Background information
- Born: Batir Karimovich Zakirov Ботир Карим ўғли Зокиров 26 April 1936 Moscow, RSFSR
- Died: January 23, 1985 (aged 48) Tashkent, Uzbek SSR
- Occupations: Singer; writer; poet; painter; actor;
- Other name: Batir Zakirov
- Education: Ostrovsky Institute
- Spouses: ; Erkli Malikbaeva ​ ​(m. 1957⁠–⁠1974)​ Galina;
- Children: 3
- Parents: Karim Zokirov (father); Shoista Saidova (mother);
- Relatives: Jamshid Zokirov (brother); Farrukh Zokirov (brother); Nargiz Zakirova (niece);
- Awards: People's Artist of the Uzbek SSR, 1964; Order of the Red Banner of Labour; Order of Outstanding Merit, 2000; People's Artist of Uzbekistan;

= Botir Zokirov =

Uzbek singer, actor and painter (1936–1985)

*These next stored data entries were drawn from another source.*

lemma slice_remainder_bound:
  fixes g :: "complex \<times> complex \<Rightarrow> complex"
  assumes R: "0 < R"
    and hol1: "(\<lambda>w. g (x1, w)) holomorphic_on cball b R"
    and hola: "(\<lambda>w. g (a, w)) holomorphic_on cball b R"
    and x2: "norm (x2 - b) \<le> R / 2"
    and \<eta>: "\<And>w. norm (w - b) = R \<Longrightarrow> norm (g (x1, w) - g (a, w)) \<le> \<eta>"
    and M: "\<And>w. norm (w - b) = R \<Longrightarrow> norm (g (a, w)) \<le> M"
    and "0 \<le> \<eta>" and "0 \<le> M"
  shows "norm (g (x1, x2) - g (x1, b) - deriv (\<lambda>w. g (a, w)) b * (x2 - b))
           \<le> norm (x2 - b) * (2 * \<eta> / R + 2 * M * norm (x2 - b) / R^2)"
proof -
  define B where "B = deriv (\<lambda>w. g (a, w)) b"
  define K where "K = norm (x2 - b) * (2 * \<eta> / R^2 + 2 * M * norm (x2 - b) / R^3)"
  have "norm (x2 - b) < R" using x2 R by linarith
  then have I1: "((\<lambda>w. g (x1, w) / (w - x2)) has_contour_integral (2 * pi * \<i> * g (x1, x2))) (circlepath b R)"
    using Cauchy_integral_circlepath_simple[OF hol1] by simp
  have I2: "((\<lambda>w. g (x1, w) / (w - b)) has_contour_integral (2 * pi * \<i> * g (x1, b))) (circlepath b R)"
    using Cauchy_integral_circlepath_simple[OF hol1, of b] R by simp
  have I3: "((\<lambda>w. g (a, w) / (w - b)^2) has_contour_integral (2 * pi * \<i> * B)) (circlepath b R)"
    using Cauchy_has_contour_integral_higher_derivative_circlepath[OF
        holomorphic_on_imp_continuous_on[OF hola] holomorphic_on_subset[OF hola], of b 1] R
    by (auto simp: B_def power2_eq_square)
  have "((\<lambda>w. g (x1, w) / (w - x2) - g (x1, w) / (w - b) - (x2 - b) * (g (a, w) / (w - b)^2))
          has_contour_integral (2 * pi * \<i> * g (x1, x2) - 2 * pi * \<i> * g (x1, b)
            - (x2 - b) * (2 * pi * \<i> * B))) (circlepath b R)"
    by (intro has_contour_integral_diff has_contour_integral_lmul I1 I2 I3)
  then have "((\<lambda>w. g (x1, w) / (w - x2) - g (x1, w) / (w - b) - (x2 - b) * (g (a, w) / (w - b)^2))
          has_contour_integral (2 * pi * \<i> * (g (x1, x2) - g (x1, b) - B * (x2 - b)))) (circlepath b R)"
    by (simp add: algebra_simps)
  moreover have "0 \<le> K" unfolding K_def using assms by auto
  moreover have "norm (g (x1, w) / (w - x2) - g (x1, w) / (w - b) - (x2 - b) * (g (a, w) / (w - b)^2)) \<le> K"
    if "norm (w - b) = R" for w
    unfolding K_def using cauchy_kernel_remainder_bound[OF R that x2 \<eta>[OF that] M[OF that]] assms by simp
  ultimately have "norm (2 * pi * \<i> * (g (x1, x2) - g (x1, b) - B * (x2 - b))) \<le> K * (2 * pi * R)"
    using has_contour_integral_bound_circlepath R by blast
  then have "norm (g (x1, x2) - g (x1, b) - B * (x2 - b)) \<le> K * R"
    by (simp add: norm_mult)
  also have "K * R = norm (x2 - b) * (2 * \<eta> / R + 2 * M * norm (x2 - b) / R^2)"
    unfolding K_def using R by (simp add: field_simps power2_eq_square power3_eq_cube)
  finally show ?thesis by (simp add: B_def)
qed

Botir Zokirov (Ботир Карим; 26 April 1936 – 23 January 1985) was a Soviet–Uzbek singer, writer, poet, painter and actor. A People's Artist of Uzbekistan, Zokirov is considered to be the founder of Uzbek pop music.

== Early life and education ==
Batir Karimovich Zakirov was born on 26 April 1936 in Moscow, RSFSR (present-day, Russia) to singers Karim Zokirov and Shoista Saidova. Zokirov is the eldest brother of Jamshid Zokirov, an actor, Farrukh Zokirov, leader of the band Yalla, and Louisa Zakirova, a singer. Through his sister Zokirov was the uncle of American-Uzbek singer Nargiz Zakirova.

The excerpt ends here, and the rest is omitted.